In view of the foregoing, the Commission finds that it is in the public interest to impose the sanctions specified in the Offer of Settlement.
- IT IS ORDERED, pursuant to Section 21C of the Exchange Act and Section 8A of the Securities Act, that Loeffelbein cease and desist from committing or causing any violation and any future violation of Section 10(b) of the Exchange Act and Rules 10b-5 and 101 of Regulation M thereunder, and Sections 5(a) and 5(c) of the Securities Act.
- IT IS ORDERED that Loeffelbein be, and hereby is, barred from association with any broker or dealer, with the right to reapply for association after four years to the appropriate self-regulatory organization, or if there is none, to the Commission.
- IT IS ORDERED that Loeffelbein shall pay disgorgement of $101,544 and prejudgment interest of $48,617 in the total amount of $150,161. The disgorgement and prejudgment interest shall be payable as follows: (A) $80,081 shall be due and payable within thirty (30) days of the entry of the Order and (B) the balance, plus post-judgment interest on the balance through the date of payment calculated at the rate of interest set forth in Rule 600(b) of the Commission's Rules of Practice [17 C.F.R. § 201.600(b)], shall be due and payable in full on or before 6 months from the entry of the Order. The payments shall be: (A) made by United States postal money order, certified check, bank cashier's check or bank money order; (B) made payable to the Securities and Exchange Commission; (C) hand-delivered or mailed to the Comptroller, Securities and Exchange Commission, Operations Center, 6432 General Green Way, Stop 0-3, Alexandria, VA 22312; and (D) submitted under cover letter that identifies Loeffelbein as a Respondent in these proceedings and the file number of these proceedings, a copy of which cover letter and money order or check shall be sent to Thomas M. Piccone, Securities and Exchange Commission, 1801 California Street, Denver, Colorado 80202.
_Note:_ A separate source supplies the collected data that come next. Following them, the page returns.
lemma whp_conj:
  assumes "whp M e1 P" "whp M e2 Q"
  shows "whp M (e1 + e2) (\<lambda>n \<omega>. P n \<omega> \<and> Q n \<omega>)"
proof -
  obtain N1 where N1: "\<forall>n\<ge>N1. \<exists>A\<in>sets M. measure M A \<ge> 1 - e1 \<and> (\<forall>\<omega>\<in>A. P n \<omega>)"
    using assms(1) unfolding whp_def by blast
  obtain N2 where N2: "\<forall>n\<ge>N2. \<exists>A\<in>sets M. measure M A \<ge> 1 - e2 \<and> (\<forall>\<omega>\<in>A. Q n \<omega>)"
    using assms(2) unfolding whp_def by blast
  show ?thesis unfolding whp_def
  proof (intro exI allI impI)
    fix n assume n: "max N1 N2 \<le> n"
    obtain A where A: "A \<in> sets M" "measure M A \<ge> 1 - e1" "\<forall>\<omega>\<in>A. P n \<omega>" using N1 n by auto
    obtain B where B: "B \<in> sets M" "measure M B \<ge> 1 - e2" "\<forall>\<omega>\<in>B. Q n \<omega>" using N2 n by auto
    have "measure M (A \<union> B) = measure M A + measure M B - measure M (A \<inter> B)"
      using A B by (intro measure_Un3) (auto simp: fmeasurable_def less_top[symmetric])
    moreover have "measure M (A \<union> B) \<le> 1" by simp
    ultimately have "measure M (A \<inter> B) \<ge> 1 - (e1 + e2)" using A B by linarith
    then show "\<exists>C\<in>sets M. measure M C \<ge> 1 - (e1 + e2) \<and> (\<forall>\<omega>\<in>C. P n \<omega> \<and> Q n \<omega>)"
      using A B by (intro bexI[of _ "A \<inter> B"]) auto
  qed
qed
definition t_doped_clifford :: "nat \<Rightarrow> 'n gate list \<Rightarrow> bool" where
  "t_doped_clifford t gs \<longleftrightarrow> (\<forall>g\<in>set gs. valid_gate g) \<and> length (filter is_nonclifford_slot gs) \<le> t"

text \<open>F_2^{2n} = bit ^ ('n + 'n); for x, a_j = x $ Inl j and b_j = x $ Inr j.\<close>
definition weyl_op :: "bit ^ ('n::finite + 'n) \<Rightarrow> 'n state \<Rightarrow> 'n state" where
  "weyl_op v \<psi> = (\<lambda>z.
     let a = (\<lambda>j. v $ Inl j = 1); b = (\<lambda>j. v $ Inr j = 1);
         y = (\<lambda>j. z j \<noteq> a j)
     in \<i> ^ card {j. a j \<and> b j} * (-1) ^ card {j. b j \<and> y j} * \<psi> y)"

definition Weyl :: "('n::finite) state \<Rightarrow> (bit ^ ('n + 'n)) set" where
  "Weyl \<psi> = {v. weyl_op v \<psi> = \<psi> \<or> weyl_op v \<psi> = (\<lambda>z. - \<psi> z)}"

definition stab_dim :: "('n::finite) state \<Rightarrow> nat" where
  "stab_dim \<psi> = vec.dim (Weyl \<psi>)"

end

theory Submission
  imports Defs
begin

(* A Clifford gate G acts on Weyl operators through an invertible linear map L of F_2^(2n):
   W_(L x) G = +-G W_x. Hence G maps every subspace of Weyl(psi) onto a subspace of Weyl(G psi)
   of the same dimension. A single-qubit gate on qubit j commutes with every W_x acting
   trivially on qubit j; these x form a subspace of codimension 2, so such a gate loses at most
   two dimensions. Starting from the n-dimensional space of Z-type operators stabilizing
   |0^n>, the bound n - 2t follows. *)

lemma dim_coordinate_subspace:
  "card (UNIV - A) \<le> vec.dim {v :: 'a::field ^ 'm::finite. \<forall>k\<in>A. v $ k = 0}"
proof -
  let ?B = "(\<lambda>k. axis k (1::'a)) ` (UNIV - A)"
  let ?V = "{v :: 'a ^ 'm. \<forall>k\<in>A. v $ k = 0}"
  have indep: "vec.independent ?B"
    by (rule vec.independent_mono[OF vec.independent_Basis]) (auto simp: cart_basis_def)
  have "?B \<subseteq> ?V"
    by (auto simp: axis_def)
  then have "card ?B \<le> vec.dim ?V"
    using indep by (rule vec.independent_card_le_dim)
  moreover have "card ?B = card (UNIV - A)"
    by (rule card_image) (auto simp: inj_on_def axis_eq_axis)
  ultimately show ?thesis by simp
qed
lemma pow_mat_add:
  assumes A: "A \<in> carrier_mat n n"
  shows "A ^\<^sub>m (a + b) = A ^\<^sub>m a * A ^\<^sub>m b"
proof (induction b)
  case 0
  then show ?case using A by simp
next
  case (Suc b)
  have "A ^\<^sub>m (a + Suc b) = (A ^\<^sub>m a * A ^\<^sub>m b) * A" using Suc by simp
  also have "\<dots> = A ^\<^sub>m a * (A ^\<^sub>m b * A)"
    by (rule assoc_mult_mat[of _ n n _ n _ n]) (use A in auto)
  finally show ?case by simp
qed

lemma adj_pow:
  assumes A: "A \<in> carrier_mat n n" and h: "adj A = A"
  shows "adj (A ^\<^sub>m k) = A ^\<^sub>m k"
proof (induction k)
  case 0
  then show ?case using A by simp
next
  case (Suc k)
  have "adj (A ^\<^sub>m Suc k) = adj (A ^\<^sub>m k * A)" by simp
  also have "\<dots> = adj A * adj (A ^\<^sub>m k)" by (rule adj_mult[of _ n n _ n]) (use A in auto)
  also have "\<dots> = A ^\<^sub>m 1 * A ^\<^sub>m k" using Suc h A by simp
  also have "\<dots> = A ^\<^sub>m (1 + k)" using pow_mat_add[OF A, of 1 k] by simp
  also have "\<dots> = A ^\<^sub>m Suc k" by simp
  finally show ?case .
qed

lemma strictly_upper_pow_index:
  assumes B: "B \<in> carrier_mat n n"
    and z: "\<And>i j. i < n \<Longrightarrow> j < n \<Longrightarrow> j \<le> i \<Longrightarrow> B $$ (i,j) = 0"
  shows "i < n \<Longrightarrow> j < n \<Longrightarrow> j < i + k \<Longrightarrow> (B ^\<^sub>m k) $$ (i,j) = 0"
proof (induction k arbitrary: i j)
  case 0
  then show ?case using B by simp
next
  case (Suc k)
  have "(B ^\<^sub>m Suc k) $$ (i,j) = (B ^\<^sub>m k * B) $$ (i,j)" by simp
  also have "\<dots> = (\<Sum>l<n. (B ^\<^sub>m k) $$ (i,l) * B $$ (l,j))"
    by (rule index_mult_mat_sum[OF pow_carrier_mat[OF B] B]) (use Suc.prems in auto)
  also have "\<dots> = 0"
  proof (rule sum.neutral, rule ballI)
    fix l assume l: "l \<in> {..<n}"
    show "(B ^\<^sub>m k) $$ (i,l) * B $$ (l,j) = 0"
    proof (cases "l < i + k")
      case True
      then show ?thesis using Suc.IH[of i l] Suc.prems l by simp
    next
      case False
      then show ?thesis using z[of l j] Suc.prems l by simp
    qed
  qed
  finally show ?case .
qed

lemma strictly_upper_nilpotent:
  assumes B: "B \<in> carrier_mat n n"
    and z: "\<And>i j. i < n \<Longrightarrow> j < n \<Longrightarrow> j \<le> i \<Longrightarrow> B $$ (i,j) = 0"
  shows "B ^\<^sub>m n = 0\<^sub>m n n"
  by (rule eq_matI) (use strictly_upper_pow_index[OF B z] B in auto)
(* Let $k\in\mathbb N$, $\alpha,\beta\in\mathbb R$, $0<p,q\le\infty$, and $0<\delta\le1/(2k)$. Let $J_i=[k\delta i,k\delta(i+1/2)]$ and define \[ f_\delta(x)=\begin{cases}(-1)^i, & x\in J_i,\ 0\le i\le\lfloor1/(2k\delta)\rfloor,\\ 0,&\text{otherwise}.\end{cases} \] Then $\|w_{\alpha,\beta}f_\delta\|_p\sim1$ and $\Omega_\varphi^k(f_\delta,\delta)_{w_{\alpha,\beta},q}\ge c>0$, with constants independent of $\delta$.
   Context: For $x\in[-1,1]$, $\varphi(x)=\sqrt{1-x^2}$, $w_{\alpha,\beta}(x)=(1+x)^\alpha(1-x)^\beta$; $\|\cdot\|_p$ is the $L_p[-1,1]$ (quasi)norm, $\|g\|_{L_q(S)}$ the $L_q$ (quasi)norm over $S$. $\Delta_h^k(f,x)=\sum_{i=0}^k\binom ki(-1)^{k-i}f(x-kh/2+ih)$ if $x\pm kh/2\in[-1,1]$, else $0$. For a weight $w$, $\Omega_\varphi^k(f,\delta)_{w,q}=\sup_{0<h\le\delta}\|w(x)\Delta^k_{h\varphi(x)}(f,x)\|_{L_q[-1+2k^2h^2,1-2k^2h^2]}$. $F\sim G$ means $c_1F\le G\le c_2F$ with positive constants independent of $\delta$. *)

theory Defs
  imports "HOL-Analysis.Analysis" "HOL-Probability.Essential_Supremum"
begin

definition phi :: "real \<Rightarrow> real" where
  "phi x = sqrt (1 - x\<^sup>2)"

definition wab :: "real \<Rightarrow> real \<Rightarrow> real \<Rightarrow> real" where
  "wab \<alpha> \<beta> x = (1 + x) powr \<alpha> * (1 - x) powr \<beta>"

definition Lnorm :: "real set \<Rightarrow> ennreal \<Rightarrow> (real \<Rightarrow> real) \<Rightarrow> ennreal" where
  "Lnorm S p g =
     (if p = \<infinity> then esssup (lebesgue_on S) (\<lambda>x. ennreal \<bar>g x\<bar>)
      else (let I = (\<integral>\<^sup>+ x \<in> S. ennreal (\<bar>g x\<bar> powr enn2real p) \<partial>lebesgue)
            in if I = \<infinity> then \<infinity> else ennreal (enn2real I powr (1 / enn2real p))))"

definition kdiff :: "nat \<Rightarrow> real \<Rightarrow> (real \<Rightarrow> real) \<Rightarrow> real \<Rightarrow> real" where
  "kdiff k h f x =
     (if -1 \<le> x - real k * h / 2 \<and> x + real k * h / 2 \<le> 1
      then (\<Sum>i=0..k. real (k choose i) * (-1) ^ (k - i) * f (x - real k * h / 2 + real i * h))
      else 0)"

definition Omega_phi :: "nat \<Rightarrow> (real \<Rightarrow> real) \<Rightarrow> real \<Rightarrow> (real \<Rightarrow> real) \<Rightarrow> ennreal \<Rightarrow> ennreal" where
  "Omega_phi k f \<delta> w q =
     (SUP h\<in>{0<..\<delta>}. Lnorm {-1 + 2 * (real k)\<^sup>2 * h\<^sup>2 .. 1 - 2 * (real k)\<^sup>2 * h\<^sup>2} q
                         (\<lambda>x. w x * kdiff k (h * phi x) f x))"

definition Jint :: "nat \<Rightarrow> real \<Rightarrow> nat \<Rightarrow> real set" where
  "Jint k \<delta> i = {real k * \<delta> * real i .. real k * \<delta> * (real i + 1/2)}"

definition fdelta :: "nat \<Rightarrow> real \<Rightarrow> real \<Rightarrow> real" where
  "fdelta k \<delta> x =
     (if \<exists>i. i \<le> nat \<lfloor>1 / (2 * real k * \<delta>)\<rfloor> \<and> x \<in> Jint k \<delta> i
      then (-1) ^ (SOME i. i \<le> nat \<lfloor>1 / (2 * real k * \<delta>)\<rfloor> \<and> x \<in> Jint k \<delta> i)
      else 0)"

end

theory Submission
  imports Defs
begin
(* Let $\pi_2$ be the five-dimensional complex associative algebra with basis $e_1,\dots,e_5$ and nonzero products $e_1e_1=e_2$, $e_1e_2=e_2e_1=e_3$, $e_1e_4=e_4e_1=e_5$, $e_4e_4=e_5$ (all other products of basis elements are zero). A linear operator on $\pi_2$ is a local automorphism if and only if its matrix has the form $$\begin{pmatrix} b_{11} & 0 & 0 & 0 & 0 \\ b_{21} & b_{22} & 0 & 0 & 0 \\ b_{31} & b_{32} & b_{33} & b_{34} & 0 \\ b_{41} & 0 & 0 & b_{41}+b_{11} & 0 \\ b_{51} & b_{52} & 0 & b_{54} & b_{22}+b_{52} \end{pmatrix},$$ where $b_{11},b_{21},b_{22},b_{31},b_{32},b_{33},b_{34},b_{41},b_{51},b_{52},b_{54}\in\mathbb{C}$ satisfy $b_{11}b_{22}b_{33}(b_{41}+b_{11})(b_{22}+b_{52})\neq 0$.
   Context: The matrix of a linear operator $T$ is taken with respect to the basis $e_1,\dots,e_5$, with the $j$-th column giving the coordinates of $T(e_j)$ (so $\overline{T(x)}=B\bar{x}$ for coordinate columns). An automorphism of an algebra $A$ is a bijective linear map $\Phi$ with $\Phi(xy)=\Phi(x)\Phi(y)$ for all $x,y$. A linear map $\Phi:A\to A$ is a local automorphism if for every $\nu\in A$ there is an automorphism $\varphi_\nu$ of $A$ (depending on $\nu$) with $\Phi(\nu)=\varphi_\nu(\nu)$. *)

theory Defs
  imports "HOL-Analysis.Analysis"
begin

(* The algebra pi_2 is modelled on complex^5; the basis vector e_k (k = 1..5)
   is axis (ix k) 1, where ix k is the k-th index of the 5-element index type
   (ix 5 = 0 in the numeral type 5, which is distinct from ix 1, ..., ix 4). *)

definition ix :: "nat \<Rightarrow> 5" where
  "ix k = of_nat k"

definition e :: "nat \<Rightarrow> complex ^ 5" where
  "e k = axis (ix k) 1"

definition co :: "complex ^ 5 \<Rightarrow> nat \<Rightarrow> complex" where
  "co x k = x $ ix k"

definition pi2_mult :: "complex ^ 5 \<Rightarrow> complex ^ 5 \<Rightarrow> complex ^ 5" where
  "pi2_mult x y =
     co x 1 * co y 1 *s e 2
     + (co x 1 * co y 2 + co x 2 * co y 1) *s e 3
     + (co x 1 * co y 4 + co x 4 * co y 1 + co x 4 * co y 4) *s e 5"

definition clinear :: "(complex ^ 5 \<Rightarrow> complex ^ 5) \<Rightarrow> bool" where
  "clinear f \<longleftrightarrow> Vector_Spaces.linear (*s) (*s) f"

definition pi2_automorphism :: "(complex ^ 5 \<Rightarrow> complex ^ 5) \<Rightarrow> bool" where
  "pi2_automorphism \<phi> \<longleftrightarrow> clinear \<phi> \<and> bij \<phi> \<and>
     (\<forall>x y. \<phi> (pi2_mult x y) = pi2_mult (\<phi> x) (\<phi> y))"
lemma Yset_prefix_constrained_words:
  assumes x: "x \<in> words k m" and "0 < m" "L \<le> m" and y: "y \<in> Yset k x"
    and agree: "\<And>i. i < L \<Longrightarrow> x ! i = y ! i"
  shows "x \<in> (\<Union>(f, p)\<in>patterns k m. constrained_words k m L f p)"
proof -
  from y consider
      (relabeled) \<sigma> n where "relabeling k \<sigma>" "nontrivial_on k \<sigma>" "y = rotate n (map \<sigma> x)"
    | (inverse) \<sigma> n where "relabeling k \<sigma>" "y = rotate n (map \<sigma> (word_inv x))"
    | (rotated) n where "0 < n" "n < m" "y = rotate n x"
    using x unfolding Yset_def words_def by auto
  then show ?thesis
  proof cases
    case (relabeled \<sigma> n)
    then show ?thesis
      using relabeled_prefix_constrained_words[OF x \<open>0 < m\<close> \<open>L \<le> m\<close>] agree by simp
  next
    case (inverse \<sigma> n)
    have "(restrict \<sigma> (letters k) \<circ> inv_letter, \<lambda>i. m - 1 - (n mod m + i) mod m) \<in> patterns k m"
      using inverse(1) restrict_relabelings \<open>0 < m\<close> by (force simp: patterns_def)
    moreover have "x \<in> constrained_words k m L (restrict \<sigma> (letters k) \<circ> inv_letter)
        (\<lambda>i. m - 1 - (n mod m + i) mod m)"
      by (rule rotate_inverse_prefix_constrained_words[OF x \<open>0 < m\<close> \<open>L \<le> m\<close> inverse(1)])
        (use agree inverse(2) in simp)
    ultimately show ?thesis
      by auto
  next
    case (rotated n)
    have "x \<in> constrained_words k m L (restrict id (letters k)) (\<lambda>i. (n mod m + i) mod m)"
      by (rule rotate_prefix_constrained_words[OF x \<open>0 < m\<close> \<open>L \<le> m\<close> relabeling_id])
        (use agree rotated(3) in simp)
    then show ?thesis
      using rotation_in_patterns[OF relabeling_id \<open>0 < m\<close>, of n] rotated(1,2) by auto
  qed
qed

lemma not_Eset_subset_constrained_words:
  assumes "0 < lam" "lam \<le> 1" "0 < m"
  shows "{x \<in> CR k - Eset k lam. length x = m}
    \<subseteq> (\<Union>(f, p)\<in>patterns k m. constrained_words k m (nat \<lceil>lam * m\<rceil>) f p)"
proof
  define L where "L = nat \<lceil>lam * m\<rceil>"
  fix x assume "x \<in> {x \<in> CR k - Eset k lam. length x = m}"
  then have cr: "cyc_reduced k x" and len: "length x = m" and "x \<notin> Eset k lam"
    by (auto simp: CR_def)
  have "\<exists>y\<in>Yset k x. \<forall>i<L. x ! i = y ! i"
  proof (cases "proper_power k x")
    case True
    obtain n where "0 < n" "n < length x" "rotate n x = x"
      using cyc_reduced_proper_power_rotate[OF cr True] len \<open>0 < m\<close> by auto
    then show ?thesis
      by (intro bexI[of _ "rotate n x"]) (auto simp: Yset_def)
  next
    case False
    then obtain y where "y \<in> Yset k x" "\<not> real (lcp x y) < lam * real m"
      using \<open>x \<notin> Eset k lam\<close> cr len by (auto simp: Eset_def)
    moreover from this have "L \<le> lcp x y"
      unfolding L_def by (simp add: nat_le_iff ceiling_le)
    ultimately show ?thesis
      using nth_lcp[of _ x y] by (intro bexI[of _ y]) auto
  qed
  then obtain y where y: "y \<in> Yset k x" and agree: "\<And>i. i < L \<Longrightarrow> x ! i = y ! i"
    by blast
  have "x \<in> words k m"
    using cr len by (simp add: words_def cyc_reduced_def)
  moreover have "L \<le> m"
    using assms by (simp add: L_def mult_left_le_one_le)
  ultimately show "x \<in> (\<Union>(f, p)\<in>patterns k m. constrained_words k m L f p)"
    using y agree by (rule Yset_prefix_constrained_words[OF _ \<open>0 < m\<close>])
qed

lemma theta_powr_le:
  assumes k: "2 \<le> k" and "lam * real m \<le> real L"
  shows "theta k powr ((real L - 2) / 2) \<le> (theta k powr (lam / 2)) ^ m / theta k"
proof -
  have "theta k powr ((real L - 2) / 2) \<le> theta k powr (real m * (lam / 2) - 1)"
    using assms theta_pos[OF k] theta_less_1[OF k] by (intro powr_mono') (auto simp: field_simps)
  also have "\<dots> = (theta k powr (lam / 2)) ^ m / theta k"
    using theta_pos[OF k] by (simp add: powr_diff powr_power)
  finally show ?thesis .
qed

lemma card_not_Eset_length_le_patterns:
  assumes k: "2 \<le> k" and lam: "0 < lam" "lam \<le> 1" and "0 < m"
  defines "L \<equiv> nat \<lceil>lam * m\<rceil>"
  shows "real (card {x \<in> CR k - Eset k lam. length x = m})
    \<le> real (card (patterns k m)) * (2 * growth k ^ m * theta k powr ((real L - 2) / 2))"
proof -
  have "L \<le> m"
    using lam by (simp add: L_def mult_left_le_one_le)
  have "finite (\<Union>(f, p)\<in>patterns k m. constrained_words k m L f p)"
    by (intro finite_UN_I finite_patterns) (simp add: finite_constrained_words split: prod.split)
  then have "card {x \<in> CR k - Eset k lam. length x = m}
      \<le> card (\<Union>(f, p)\<in>patterns k m. constrained_words k m L f p)"
    using not_Eset_subset_constrained_words[OF lam \<open>0 < m\<close>] unfolding L_def by (intro card_mono)
  also have "\<dots> \<le> (\<Sum>(f, p)\<in>patterns k m. card (constrained_words k m L f p))"
    using card_UN_le[OF finite_patterns] by (simp add: case_prod_beta)
  finally have "real (card {x \<in> CR k - Eset k lam. length x = m})
      \<le> (\<Sum>(f, p)\<in>patterns k m. real (card (constrained_words k m L f p)))"
    by (simp add: case_prod_beta flip: of_nat_sum)
  also have "\<dots> \<le> (\<Sum>(f, p)\<in>patterns k m. 2 * growth k ^ m * theta k powr ((real L - 2) / 2))"
    using card_constrained_words_pattern_le[OF k \<open>L \<le> m\<close>] by (intro sum_mono) auto
  finally show ?thesis
    by simp
qed

lemma card_not_Eset_length_le:
  assumes k: "2 \<le> k" and lam: "0 < lam" "lam \<le> 1"
  defines "K \<equiv> 4 * real (card (relabelings k)) / theta k"
  shows "real (card {x \<in> CR k - Eset k lam. length x = m})
    \<le> K * (real m + 1) * (growth k * theta k powr (lam / 2)) ^ m"
proof (cases "m = 0")
  case True
  have "card {x \<in> CR k - Eset k lam. length x = m} \<le> card {[] :: letter list}"
    using True by (intro card_mono) auto
  moreover have "1 \<le> K"
    using card_relabelings_pos[of k] theta_pos[OF k] theta_less_1[OF k] by (simp add: K_def field_simps)
  ultimately show ?thesis
    using True by simp
next
  case False
  have patterns: "real (card (patterns k m)) \<le> 2 * real (card (relabelings k)) * (real m + 1)"
    using card_patterns_le[of k m] by (simp add: algebra_simps flip: of_nat_mult)
  have pattern_bound: "2 * growth k ^ m * theta k powr ((real (nat \<lceil>lam * m\<rceil>) - 2) / 2)
      \<le> 2 * growth k ^ m * ((theta k powr (lam / 2)) ^ m / theta k)"
    using theta_powr_le[OF k real_nat_ceiling_ge] growth_ge[OF k] by (intro mult_left_mono) auto
  have "0 \<le> 2 * growth k ^ m * theta k powr ((real (nat \<lceil>lam * m\<rceil>) - 2) / 2)"
    using growth_ge[OF k] by simp
  have "real (card {x \<in> CR k - Eset k lam. length x = m})
      \<le> real (card (patterns k m)) * (2 * growth k ^ m * theta k powr ((real (nat \<lceil>lam * m\<rceil>) - 2) / 2))"
    using False by (intro card_not_Eset_length_le_patterns[OF k lam]) simp
  also have "\<dots> \<le> 2 * real (card (relabelings k)) * (real m + 1)
      * (2 * growth k ^ m * ((theta k powr (lam / 2)) ^ m / theta k))"
    using \<open>0 \<le> 2 * growth k ^ m * _\<close> by (intro mult_mono[OF patterns pattern_bound]) simp
  also have "\<dots> = K * (real m + 1) * (growth k * theta k powr (lam / 2)) ^ m"
    by (simp add: K_def power_mult_distrib)
  finally show ?thesis .
qed

section \<open>Cyclically reduced words\<close>

lemma finite_CR_length: "finite {x \<in> CR k. length x = n}"
  by (rule finite_subset[OF _ finite_words[of k n]]) (auto simp: CR_def words_def cyc_reduced_def)

lemma exists_letter_avoiding:
  assumes "2 \<le> k"
  obtains c where "c \<in> letters k" "c \<noteq> u" "c \<noteq> v"
proof -
  have "card {u, v} < card (letters k)"
    using assms card_insert_le_m1[of 2 "{v}"] by (simp add: card_letters card_insert_if)
  then have "\<not> letters k \<subseteq> {u, v}"
    by (meson card_mono finite.emptyI finite.insertI leD)
  then show thesis
    using that by blast
qed

lemma branches_CR_supset:
  assumes k: "2 \<le> k" and j: "0 < j" "Suc j < n" and x: "x \<in> {x \<in> CR k. length x = n}"
  shows "letters k - {inv_letter (x ! (j - 1))} \<subseteq> branches {x \<in> CR k. length x = n} (take j x)"
proof
  fix b assume b: "b \<in> letters k - {inv_letter (x ! (j - 1))}"
  have x_props: "set x \<subseteq> letters k" "freely_reduced x" "length x = n"
    using x by (auto simp: CR_def cyc_reduced_def fword_def)
  obtain c where c: "c \<in> letters k" "c \<noteq> inv_letter b" "c \<noteq> inv_letter (hd x)"
    using exists_letter_avoiding[OF k] by blast
  \<comment> \<open>\<open>c\<close> cancels neither \<open>b\<close> nor, cyclically, the first letter of \<open>x\<close>.\<close>
  define z where "z = take j x @ [b] @ replicate (n - j - 1) c"
  have "x \<noteq> []"
    using j x_props(3) by auto
  then have prefix: "take j x \<noteq> []" "last (take j x) = x ! (j - 1)" "hd (take j x) = hd x"
    using j x_props(3) by (simp_all add: last_conv_nth min_def)
  have "freely_reduced (take j x)"
    using x_props(2) freely_reduced_append[of "take j x" "drop j x"] by simp
  then have "freely_reduced z"
    using prefix b c j freely_reduced_replicate[of "n - j - 1" c]
    by (auto simp: z_def freely_reduced_append freely_reduced_Cons)
  moreover have "set z \<subseteq> letters k"
    using x_props(1) b c by (auto simp: z_def dest: in_set_takeD)
  moreover have "length z = n" "hd z = hd x" "last z = c"
    using j x_props(3) prefix by (auto simp: z_def)
  ultimately have "z \<in> {x \<in> CR k. length x = n}"
    using c(3) by (auto simp: CR_def cyc_reduced_def fword_def)
  moreover have "take j z = take j x" "z ! j = b"
    using j x_props(3) by (simp_all add: z_def nth_append)
  ultimately show "b \<in> branches {x \<in> CR k. length x = n} (take j x)"
    unfolding branches_def using j x_props(3) by force
qed

lemma card_branches_CR_ge:
  assumes k: "2 \<le> k" and "j < n" and x: "x \<in> {x \<in> CR k. length x = n}"
  shows "(if 0 < j \<and> Suc j < n then 2 * k - 1 else 1) \<le> card (branches {x \<in> CR k. length x = n} (take j x))"
proof -
  have fin: "finite (branches {x \<in> CR k. length x = n} (take j x))"
    using finite_CR_length by (rule finite_branches)
  show ?thesis
  proof (cases "0 < j \<and> Suc j < n")
    case True
    have "x ! (j - 1) \<in> letters k"
      using x \<open>j < n\<close> by (auto simp: CR_def cyc_reduced_def fword_nth)
    then have "card (letters k - {inv_letter (x ! (j - 1))}) = 2 * k - 1"
      by (simp add: card_letters inv_letter_in_letters)
    then show ?thesis
      using card_mono[OF fin branches_CR_supset[OF k _ _ x]] True by simp
  next
    case False
    have "x ! j \<in> branches {x \<in> CR k. length x = n} (take j x)"
      using x \<open>j < n\<close> by (auto simp: branches_def)
    then show ?thesis
      using False fin by (auto simp: Suc_le_eq card_gt_0_iff)
  qed
qed

lemma card_CR_length_ge_power:
  assumes k: "2 \<le> k"
  shows "(2 * k - 1) ^ (n - 2) \<le> card {x \<in> CR k. length x = n}"
proof -
  define c where "c j = (if 0 < j \<and> Suc j < n then 2 * k - 1 else 1)" for j
  have "(2 * k - 1) ^ (n - 2) = (\<Prod>j\<in>{1..<n - 1}. 2 * k - 1)"
    by (simp add: numeral_2_eq_2)
  also have "\<dots> = (\<Prod>j<n. c j)"
    by (rule prod.mono_neutral_cong_right[symmetric]) (auto simp: c_def)
  also have "\<dots> \<le> card {x \<in> CR k. length x = n}"
  proof (rule card_ge_prod_branches)
    show "finite {x \<in> CR k. length x = n}"
      by (rule finite_CR_length)
    have "replicate n (0, True) \<in> {x \<in> CR k. length x = n}"
      using k freely_reduced_replicate by (auto simp: CR_def cyc_reduced_def fword_def letters_def)
    then show "{x \<in> CR k. length x = n} \<noteq> {}"
      by blast
    show "\<forall>y\<in>{x \<in> CR k. length x = n}. length y = n"
      by simp
    fix j x assume "j < n" "x \<in> {x \<in> CR k. length x = n}"
    then show "c j \<le> card (branches {x \<in> CR k. length x = n} (take j x))"
      unfolding c_def by (rule card_branches_CR_ge[OF k])
  qed
  finally show ?thesis .
qed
- The disgorgement and prejudgment interest paid shall be held by the Comptroller to be utilized for payment to persons eligible to receive such funds pursuant to a plan of distribution which shall be submitted by the Division of Enforcement within sixty (60) days from the date of the final payment. In the event that all or any portion of these funds remain after distribution, the remainder shall be disbursed to the United States Treasury. In no event shall any portion of these funds be returned to Loeffelbein or his agents, successors, or assigns.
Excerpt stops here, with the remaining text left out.